(* Let $n\geq 3$ be an integer and put $m=2^{n-1}$. Let $G_2(n)=\{0,1,\dots,2^n-1\}$ with the binary operation $\oplus$, and let $\mathrm{gyr}\colon G_2(n)\times G_2(n)\to \mathrm{Aut}(G_2(n),\oplus)$ be the map, all as defined in the context below. Then $(G_2(n),\oplus)$ is a gyrogroup with gyroautomorphisms given by $\mathrm{gyr}$; that is, $0\oplus x=x$ for all $x$, every element has a left inverse with respect to $0$, $a\oplus(b\oplus c)=(a\oplus b)\oplus \mathrm{gyr}[a,b](c)$ for all $a,b,c\in G_2(n)$, and $\mathrm{gyr}[a,b]=\mathrm{gyr}[a\oplus b,b]$ for all $a,b\in G_2(n)$.
   Context: A groupoid $(G,\oplus)$ is a gyrogroup if: (G1) there is $0\in G$ with $0\oplus x=x$ for all $x$; (G2) for each $a\in G$ there is $b\in G$ with $b\oplus a=0$; (G3) there is a function $\mathrm{gyr}\colon G\times G\to\mathrm{Aut}(G,\oplus)$ (automorphisms = bijections preserving $\oplus$) such that $a\oplus(b\oplus c)=(a\oplus b)\oplus\mathrm{gyr}[a,b](c)$ for all $a,b,c$; (G4) $\mathrm{gyr}[a,b]=\mathrm{gyr}[a\oplus b,b]$ for all $a,b$. Setup: $n\ge 3$, $m=2^{n-1}$, $G_2(n)=\{0,1,\dots,2^n-1\}$, $P(n)=\{0,\dots,m-1\}$, $H(n)=\{m,\dots,2^n-1\}$; $O_P,E_P$ are the odd/even elements of $P(n)$, $O_H,E_H$ the odd/even elements of $H(n)$. For $i,j\in G_2(n)$ let $t,s\in P(n)$ with $t\equiv i+j\pmod m$, $s\equiv i+j+\frac m2\pmod m$, and set $i\oplus j=t$ if $(i,j)\in (P(n)\times P(n))\cup\big[(H(n)\times H(n))\setminus(E_H\times O_H)\big]$; $i\oplus j=t+m$ if $(i,j)\in (P(n)\times H(n))\cup\big[(H(n)\times P(n))\setminus(E_H\times O_P)\big]$; $i\oplus j=s$ if $(i,j)\in E_H\times O_H$; $i\oplus j=s+m$ if $(i,j)\in E_H\times O_P$. Let $A\colon G_2(n)\to G_2(n)$ be $A(i)=r$ if $i\in O_P$, $A(i)=r+m$ if $i\in O_H$, $A(i)=i$ otherwise, where $r\in P(n)$, $r\equiv i+\frac m2\pmod m$ ($A$ is an automorphism of $(G_2(n),\oplus)$). Let $M=[O_P\times(O_H\cup E_H)]\cup[O_H\times(O_P\cup E_H)]\cup[E_H\times(O_P\cup O_H)]$, and define $\mathrm{gyr}[a,b]=A$ if $(a,b)\in M$ and $\mathrm{gyr}[a,b]=I$ (the identity map) otherwise. *)

theory Defs
  imports Main
begin

definition groupoid_aut :: "'a set \<Rightarrow> ('a \<Rightarrow> 'a \<Rightarrow> 'a) \<Rightarrow> ('a \<Rightarrow> 'a) \<Rightarrow> bool" where
  "groupoid_aut G op f \<longleftrightarrow> bij_betw f G G \<and> (\<forall>x\<in>G. \<forall>y\<in>G. f (op x y) = op (f x) (f y))"

definition is_gyrogroup ::
  "'a set \<Rightarrow> ('a \<Rightarrow> 'a \<Rightarrow> 'a) \<Rightarrow> 'a \<Rightarrow> ('a \<Rightarrow> 'a \<Rightarrow> 'a \<Rightarrow> 'a) \<Rightarrow> bool" where
  "is_gyrogroup G op e gyr \<longleftrightarrow>
     (\<forall>x\<in>G. \<forall>y\<in>G. op x y \<in> G) \<and>
     e \<in> G \<and> (\<forall>x\<in>G. op e x = x) \<and>
     (\<forall>a\<in>G. \<exists>b\<in>G. op b a = e) \<and>
     (\<forall>a\<in>G. \<forall>b\<in>G. groupoid_aut G op (gyr a b)) \<and>
     (\<forall>a\<in>G. \<forall>b\<in>G. \<forall>c\<in>G. op a (op b c) = op (op a b) (gyr a b c)) \<and>
     (\<forall>a\<in>G. \<forall>b\<in>G. \<forall>c\<in>G. gyr a b c = gyr (op a b) b c)"

definition mG :: "nat \<Rightarrow> nat" where "mG n = 2 ^ (n - 1)"

definition G2 :: "nat \<Rightarrow> nat set" where "G2 n = {0..<2 ^ n}"
definition P :: "nat \<Rightarrow> nat set" where "P n = {0..<mG n}"
definition H :: "nat \<Rightarrow> nat set" where "H n = {mG n..<2 ^ n}"

definition OP :: "nat \<Rightarrow> nat set" where "OP n = {i \<in> P n. odd i}"
definition EP :: "nat \<Rightarrow> nat set" where "EP n = {i \<in> P n. even i}"
definition OH :: "nat \<Rightarrow> nat set" where "OH n = {i \<in> H n. odd i}"
definition EH :: "nat \<Rightarrow> nat set" where "EH n = {i \<in> H n. even i}"

definition oplusG :: "nat \<Rightarrow> nat \<Rightarrow> nat \<Rightarrow> nat" where
  "oplusG n i j =
     (let m = mG n; t = (i + j) mod m; s = (i + j + m div 2) mod m in
      if (i, j) \<in> EH n \<times> OH n then s
      else if (i, j) \<in> EH n \<times> OP n then s + m
      else if (i, j) \<in> (P n \<times> P n) \<union> (H n \<times> H n) then t
      else t + m)"

definition autA :: "nat \<Rightarrow> nat \<Rightarrow> nat" where
  "autA n i =
     (let m = mG n; r = (i + m div 2) mod m in
      if i \<in> OP n then r else if i \<in> OH n then r + m else i)"

definition Mset :: "nat \<Rightarrow> (nat \<times> nat) set" where
  "Mset n = (OP n \<times> (OH n \<union> EH n)) \<union> (OH n \<times> (OP n \<union> EH n)) \<union> (EH n \<times> (OP n \<union> OH n))"

definition gyrG :: "nat \<Rightarrow> nat \<Rightarrow> nat \<Rightarrow> nat \<Rightarrow> nat" where
  "gyrG n a b = (if (a, b) \<in> Mset n then autA n else id)"

end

——

◆ Work task ◆
Using the records above, restate word for word the lines from the one with "(let m = mG n; r" through the one with "(OP n \<times>", both included.

◆ Result below ◆
     (let m = mG n; r = (i + m div 2) mod m in
      if i \<in> OP n then r else if i \<in> OH n then r + m else i)"

definition Mset :: "nat \<Rightarrow> (nat \<times> nat) set" where
  "Mset n = (OP n \<times> (OH n \<union> EH n)) \<union> (OH n \<times> (OP n \<union> EH n)) \<union> (EH n \<times> (OP n \<union> OH n))"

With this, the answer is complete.